Aan de Voorzitter van de Tweede Kamer der Staten-Generaal
Den Haag, 12 juni 2009
Bij brief van 20 april 2009 heb ik u geïnformeerd over de stand van zaken met betrekking tot mijn onderzoek naar de financiële problemen bij Philadelphia1.
In deze brief heb ik u onder andere meegedeeld (zie punt 4 van mijn brief) dat verzocht is om openbaarmaking van het eerste rapport van het CSZ over de situatie bij Philadelphia. Het betreft het onderzoeksrapport dat ik de Tweede Kamer op 14 januari 2009 vertrouwelijk ter kennisname heb toegezonden.

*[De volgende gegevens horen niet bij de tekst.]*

lemma homog_sum: "(\<And>i. i \<in> I \<Longrightarrow> homog d (f i)) \<Longrightarrow> homog d (sum f I)"
proof (cases "finite I")
  case True
  assume "\<And>i. i \<in> I \<Longrightarrow> homog d (f i)"
  with True show ?thesis by (induct I rule: finite_induct) simp_all
qed simp

lemma homog_mult[simp]: assumes "homog a F" "homog b G" shows "homog (a + b) (F * G)"
  unfolding homog_def
proof (intro allI impI)
  fix m assume "coeff3 (F * G) m \<noteq> 0"
  then obtain i j k where m: "m = (i,j,k)" and
    "(\<Sum>x\<le>i. \<Sum>y\<le>j. \<Sum>z\<le>k. coeff3 F (x,y,z) * coeff3 G (i-x, j-y, k-z)) \<noteq> 0"
    by (cases m) (auto simp: coeff3_mult pmult_def)
  then obtain x y z where xyz: "x \<le> i" "y \<le> j" "z \<le> k" "coeff3 F (x,y,z) * coeff3 G (i-x, j-y, k-z) \<noteq> 0"
    by (meson atMost_iff sum.neutral)
  have "mdeg (x,y,z) = a" using xyz(4) by (intro homogD[OF assms(1)]) auto
  moreover have "mdeg (i-x,j-y,k-z) = b" using xyz(4) by (intro homogD[OF assms(2)]) auto
  ultimately show "mdeg m = a + b" using xyz by (simp add: m mdeg_def)
qed

lemma homog_var[simp]: "homog 1 X0" "homog 1 X1" "homog 1 X2"
  by (auto simp: homog_def coeff3_X0 coeff3_X1 coeff3_X2 mdeg_def)

lemma homog_var_Suc[simp]: "homog (Suc 0) X0" "homog (Suc 0) X1" "homog (Suc 0) X2"
  using homog_var by (simp_all add: One_nat_def)

lemma homog_power[simp]: "homog d F \<Longrightarrow> homog (n * d) (F ^ n)"
proof (induct n)
  case 0 then show ?case using homog_const3[of 1] by simp
next
  case (Suc n) then show ?case using homog_mult[of d F "n * d" "F ^ n"] by (simp add: add.commute)
qed

lemma homog_partial[simp]: assumes "homog d F" shows "homog (d - 1) (partial i F)"
  unfolding homog_def
proof (intro allI impI)
  fix m assume nz: "coeff3 (partial i F) m \<noteq> 0"
  obtain a b c where m: "m = (a,b,c)" by (cases m) auto
  have "coeff3 F (Suc a,b,c) \<noteq> 0 \<or> coeff3 F (a,Suc b,c) \<noteq> 0 \<or> coeff3 F (a,b,Suc c) \<noteq> 0"
    using nz by (auto simp: coeff3_partial pderiv3_def m split: if_splits)
  then show "mdeg m = d - 1"
    using homogD[OF assms, of "(Suc a,b,c)"] homogD[OF assms, of "(a,Suc b,c)"] homogD[OF assms, of "(a,b,Suc c)"]
    by (auto simp: m mdeg_def)
qed

lemma homog_transvectant: "homog a F \<Longrightarrow> homog b G \<Longrightarrow> homog c H \<Longrightarrow>
   homog ((a - n) + (b - n) + (c - n)) (transvectant n F G H)"
proof (induct n arbitrary: a b c F G H)
  case 0 then show ?case by simp
next
  case (Suc n)
  have "\<And>i j k. homog ((a - Suc n) + (b - Suc n) + (c - Suc n)) (transvectant n (partial i F) (partial j G) (partial k H))"
    using Suc.hyps[OF homog_partial[OF Suc.prems(1)] homog_partial[OF Suc.prems(2)] homog_partial[OF Suc.prems(3)]]
    by (simp add: diff_diff_left)
  then show ?case by simp
qed

lemma homog_row_form[simp]: "homog 1 (row_form A r)" by (simp add: row_form_def lin_def)

lemma homog_row_monom: "homog (mdeg m) (row_monom A m)"
proof -
  obtain i j k where m: "m = (i,j,k)" by (cases m) auto
  have "homog (i * 1 + j * 1 + k * 1) (row_monom A m)" unfolding m row_monom_def prod.case
    by (intro homog_mult homog_power homog_row_form)
  then show ?thesis by (simp add: m mdeg_def)
qed

lemma homog_lsubst: assumes "homog d F" shows "homog d (lsubst A F)"
  unfolding lsubst_def
proof (rule homog_sum)
  fix m assume "m \<in> support F"
  then have "mdeg m = d" using homogD[OF assms] by (auto simp: support_def)
  then show "homog d (const3 (coeff3 F m) * row_monom A m)" using homog_row_monom[of m A] by simp
qed

lemma homog0_eq_const3: assumes "homog 0 F" shows "F = const3 (coeff3 F (0,0,0))"
proof -
  have "F = (\<Sum>m\<in>{(0,0,0)}. const3 (coeff3 F m) * mono_ser m)"
  proof (rule ser_eq_sum_mono_ser)
    show "support F \<subseteq> {(0,0,0)}"
    proof
      fix m assume "m \<in> support F"
      then have "mdeg m = 0" using homogD[OF assms] by (simp add: support_def)
      then show "m \<in> {(0,0,0)}" using mdeg0 by simp
    qed
  qed simp
  then show ?thesis by (simp add: mono_ser_def)
qed

lemma homog1_eq_lin: assumes "homog 1 F"
  shows "F = lin (coeff3 F (1,0,0)) (coeff3 F (0,1,0)) (coeff3 F (0,0,1))"
proof -
  have "F = (\<Sum>m\<in>{(1,0,0),(0,1,0),(0,0,1)}. const3 (coeff3 F m) * mono_ser m)"
  proof (rule ser_eq_sum_mono_ser)
    show "support F \<subseteq> {(1,0,0),(0,1,0),(0,0,1)}"
    proof
      fix m assume "m \<in> support F"
      then have "mdeg m = 1" using homogD[OF assms] by (simp add: support_def)
      then show "m \<in> {(1,0,0),(0,1,0),(0,0,1)}" by (rule mdeg1)
    qed
  qed simp
  then show ?thesis by (simp add: lin_def mono_ser_def add.assoc)
qed

lemma finsupp_lin[simp]: "finsupp (lin u1 u2 u3)" by (simp add: lin_def)
lemma homog_lin[simp]: "homog 1 (lin u1 u2 u3)" by (simp add: lin_def)

section \<open>Covariance of the concomitants\<close>

definition hessian_ser :: "ser3 \<Rightarrow> ser3" where "hessian_ser F = const3 (1/12) * transvectant 2 F F F"
definition Pi_ser :: "ser3 \<Rightarrow> ser3 \<Rightarrow> ser3" where "Pi_ser U F = const3 (1/12) * transvectant 1 (hessian_ser F) F U"
definition Gamma_ser :: "ser3 \<Rightarrow> ser3 \<Rightarrow> ser3" where "Gamma_ser U F = const3 (1/432) * transvectant 3 (Pi_ser U F) F (U * (U * U))"
definition theta_ser :: "ser3 \<Rightarrow> ser3 \<Rightarrow> ser3" where "theta_ser U F = const3 (1/4) * transvectant 2 F F (U * U)"

definition F6_ser :: "ser3 \<Rightarrow> ser3 \<Rightarrow> complex" where
  "F6_ser U F = (1/3072) * coeff3 (transvectant 2 (theta_ser U F) (theta_ser U F) (U * U)) (0,0,0)"

lemma ser_of_hessian: "ser_of (hessian f) = hessian_ser (ser_of f)"
  by (simp add: hessian_def hessian_ser_def ser_of_transv)

lemma ser_of_Pi_u: "ser_of (Pi_u f u1 u2 u3) = Pi_ser (lin u1 u2 u3) (ser_of f)"
  by (simp add: Pi_u_def Pi_ser_def ser_of_transv ser_of_hessian ser_of_ux)

lemma ser_of_Gamma_u: "ser_of (Gamma_u f u1 u2 u3) = Gamma_ser (lin u1 u2 u3) (ser_of f)"
  by (simp add: Gamma_u_def Gamma_ser_def ser_of_transv ser_of_Pi_u ser_of_ux)

lemma ser_of_theta_u: "ser_of (theta_u f u1 u2 u3) = theta_ser (lin u1 u2 u3) (ser_of f)"
  by (simp add: theta_u_def theta_ser_def ser_of_transv ser_of_ux)

lemma F6u_val_F6_ser: "F6u_val f u1 u2 u3 = F6_ser (lin u1 u2 u3) (ser_of f)"
proof -
  have "transv 2 (theta_u f u1 u2 u3) (theta_u f u1 u2 u3) (pmult (ux u1 u2 u3) (ux u1 u2 u3)) (0,0,0)
     = coeff3 (ser_of (transv 2 (theta_u f u1 u2 u3) (theta_u f u1 u2 u3) (pmult (ux u1 u2 u3) (ux u1 u2 u3)))) (0,0,0)"
    by simp
  then show ?thesis by (simp add: F6u_val_def F6_ser_def ser_of_transv ser_of_theta_u ser_of_ux)
qed
definition wmin :: "nat set set \<Rightarrow> nat" where
  "wmin C = Min (nonzero_weights C)"

definition wmax :: "nat set set \<Rightarrow> nat" where
  "wmax C = Max (nonzero_weights C)"

definition min_distance :: "nat set set \<Rightarrow> nat" where
  "min_distance C = Min {card (vadd a b) | a b. a \<in> C \<and> b \<in> C \<and> a \<noteq> b}"

definition binary_linear_code_params :: "nat \<Rightarrow> nat \<Rightarrow> nat \<Rightarrow> nat set set \<Rightarrow> bool" where
  "binary_linear_code_params N K d C \<longleftrightarrow> binary_linear_code N K C \<and> min_distance C = d"

definition minimal_code :: "nat set set \<Rightarrow> bool" where
  "minimal_code C \<longleftrightarrow> (\<forall>a\<in>C. \<forall>b\<in>C. a \<noteq> {} \<longrightarrow> b \<noteq> {} \<longrightarrow> a \<subseteq> b \<longrightarrow> a = b)"

definition ashikhmin_barg :: "nat set set \<Rightarrow> bool" where
  "ashikhmin_barg C \<longleftrightarrow> real (wmin C) / real (wmax C) > 1 / 2"

text \<open>With basis r 0 (the r_1 of the paper, of weight wmax D),
  r 1 (the r_2, of weight wmin D), ..., r (K-1), and n' = 2 wmin D - wmax D, the
  extended code is generated by (1, r 0), (0, r 1), ..., (0, r (K-1)) in F_2^(n'+N);
  the first n' coordinates are positions 0..<n', the coordinates of D are shifted by n'.\<close>
definition ext_nprime :: "nat set set \<Rightarrow> nat" where
  "ext_nprime D = 2 * wmin D - wmax D"

definition ext_generators :: "nat set set \<Rightarrow> (nat \<Rightarrow> nat set) \<Rightarrow> nat \<Rightarrow> nat set" where
  "ext_generators D r i =
     (if i = 0 then {0..<ext_nprime D} \<union> (\<lambda>x. x + ext_nprime D) ` r 0
      else (\<lambda>x. x + ext_nprime D) ` r i)"

definition extension_code :: "nat set set \<Rightarrow> nat \<Rightarrow> (nat \<Rightarrow> nat set) \<Rightarrow> nat set set" where
  "extension_code D K r = span2 K (ext_generators D r)"

end

theory Submission imports Defs begin
lemma perp_mom_binomial:
  "perp_mom M xi (real n) = (\<Sum>k\<le>n. of_nat (n choose k) * mom M xi (real k) * perp_mom M xi (real k))"
proof -
  have "perp_mom M xi (real n)
      = (\<integral>\<^sup>+\<omega>. (ennreal (xi 0 \<omega>) * perpetuity (\<lambda>i. xi (Suc i) \<omega>) + 1) ^ n \<partial>M)"
    unfolding perp_mom_def ennpow_of_nat perp_eq_perpetuity using xi_pos
    by (intro nn_integral_cong) (subst perpetuity_Suc, auto simp: less_imp_le add.commute)
  also have "\<dots> = (\<Sum>k\<le>n. of_nat (n choose k)
      * (\<integral>\<^sup>+\<omega>. (ennreal (xi 0 \<omega>) * perpetuity (\<lambda>i. xi (Suc i) \<omega>)) ^ k \<partial>M))"
    by (simp add: binomial_ring nn_integral_sum nn_integral_cmult)
  finally show ?thesis by (simp add: nn_integral_head_tail_power mult.assoc)
qed

lemma perp_mom_of_nat:
  assumes "mom M xi (real n) < 1" "perp_mom M xi (real n) < \<infinity>"
  shows "perp_mom M xi (real n) = 1 / (1 - mom M xi (real n)) *
    (\<Sum>k<n. of_nat (n choose k) * mom M xi (real k) * perp_mom M xi (real k))"
proof (rule ennreal_affine_fixpoint)
  show "perp_mom M xi (real n) = (\<Sum>k<n. of_nat (n choose k) * mom M xi (real k) * perp_mom M xi (real k))
      + mom M xi (real n) * perp_mom M xi (real n)"
    by (subst perp_mom_binomial) (simp add: lessThan_Suc_atMost[symmetric] mult.assoc)
qed (use assms in auto)

end

theorem theorem2:
  fixes M :: "'a measure" and xi :: "nat \<Rightarrow> 'a \<Rightarrow> real" and p :: real
  assumes "prob_space M"
    and "\<And>i. xi i \<in> borel_measurable M"
    and "prob_space.indep_vars M (\<lambda>_. borel) xi UNIV"
    and "\<And>i. distr M borel (xi i) = distr M borel (xi 0)"
    and "\<And>i \<omega>. \<omega> \<in> space M \<Longrightarrow> xi i \<omega> > 0"
    and "p \<ge> 1"
  shows "(perp_mom M xi p < \<infinity> \<longleftrightarrow> mom M xi p < 1)
    \<and> (mom M xi p < 1 \<longrightarrow>
         (\<forall>q. 1 \<le> q \<and> q \<le> p \<longrightarrow> mom M xi q < 1)
       \<and> perp_mom M xi p \<le> ennreal ((1 - enn2real (mom M xi p) powr (1 / p)) powr (- p))
       \<and> (\<forall>n::nat. p = real n \<longrightarrow>
            perp_mom M xi p = (1 / (1 - mom M xi p)) *
              (\<Sum>k<n. of_nat (n choose k) * mom M xi (real k) * perp_mom M xi (real k))))"
proof -
  interpret positive_iid_sequence M xi
    by (rule positive_iid_sequence.intro[OF assms(1)], unfold_locales) (use assms in auto)
  have p: "p \<ge> 1" by fact
  have finite_iff: "perp_mom M xi p < \<infinity> \<longleftrightarrow> mom M xi p < 1"
  proof
    show "mom M xi p < 1" if "perp_mom M xi p < \<infinity>"
      using that perp_mom_eq_top[OF p] by (metis not_le order_less_irrefl)
    show "perp_mom M xi p < \<infinity>" if "mom M xi p < 1"
      using perp_mom_le[OF p that] by (simp add: le_less_trans)
  qed
  moreover have "perp_mom M xi p = 1 / (1 - mom M xi p) *
      (\<Sum>k<n. of_nat (n choose k) * mom M xi (real k) * perp_mom M xi (real k))"
    if "mom M xi p < 1" "p = real n" for n
    using perp_mom_of_nat[of n] finite_iff that by simp
  ultimately show ?thesis
    using perp_mom_le[OF p] mom_less_one_mono by fastforce
qed

end
(* The set function $A\mapsto\bar\Lambda(A,P)$ on $2^E$ is monotone (i.e. $\bar\Lambda(A,P)\le\bar\Lambda(B,P)$ for $A\subseteq B\subseteq E$) and submodular (i.e. $\bar\Lambda(A\cup\{e\},P)-\bar\Lambda(A,P)\ge\bar\Lambda(B\cup\{e\},P)-\bar\Lambda(B,P)$ for all $A\subseteq B\subseteq E$, $e\in E$).
   Context: $G=(V,E)$ is a simple directed acyclic graph with capacities $C\in\mathbb{R}_{\ge0}^E$ and $\gamma$ is a budget with $0<\gamma\le\min_eC(e)$. User paths $P=\{p_1,\dots,p_k\}$ are directed paths (edge sets, not necessarily disjoint) with initial values $\lambda_i\ge0$, $\sum_{i:e\in p_i}\lambda_i\le C(e)$ for all $e$. Let $E_1$ be the set of edges lying on exactly one user path and $E_2$ the set of edges lying on at least two user paths. For $A\subseteq E$ let $\tilde C_A(e)=C(e)-\gamma\mathbf{1}_{\{e\in A\}}$. Define $\tilde\lambda^{(1)}_{iA}=\min\big(\lambda_i,\min_{e\in p_i\cap E_1}\tilde C_A(e)\big)$ and $\tilde\lambda^{(2)}_{iA}=\tilde\lambda^{(1)}_{iA}\cdot\prod_{e\in p_i\cap E_2,\ \tilde C_A(e)\le\sum_{j:e\in p_j}\lambda_j}\frac{\tilde C_A(e)}{\sum_{j:e\in p_j}\lambda_j}$, and $\bar\Lambda(A,P)=\sum_i\lambda_i-\sum_i\tilde\lambda^{(2)}_{iA}$. *)

theory Defs
  imports Complex_Main
begin

definition simple_dag :: "'v set \<Rightarrow> ('v \<times> 'v) set \<Rightarrow> bool" where
  "simple_dag V E \<longleftrightarrow> finite V \<and> E \<subseteq> V \<times> V \<and> acyclic E"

Op 10 maart 2009 heb ik besloten het rapport, met uitzondering van de bedrijfsgevoelige informatie, openbaar te maken. Zowel Espria als de heer Kralt, ex-bestuurder, hebben bezwaar gemaakt tegen mijn besluit en aan de hand van een verzoek om een voorlopige voorziening de feitelijke verstrekking opgeschort.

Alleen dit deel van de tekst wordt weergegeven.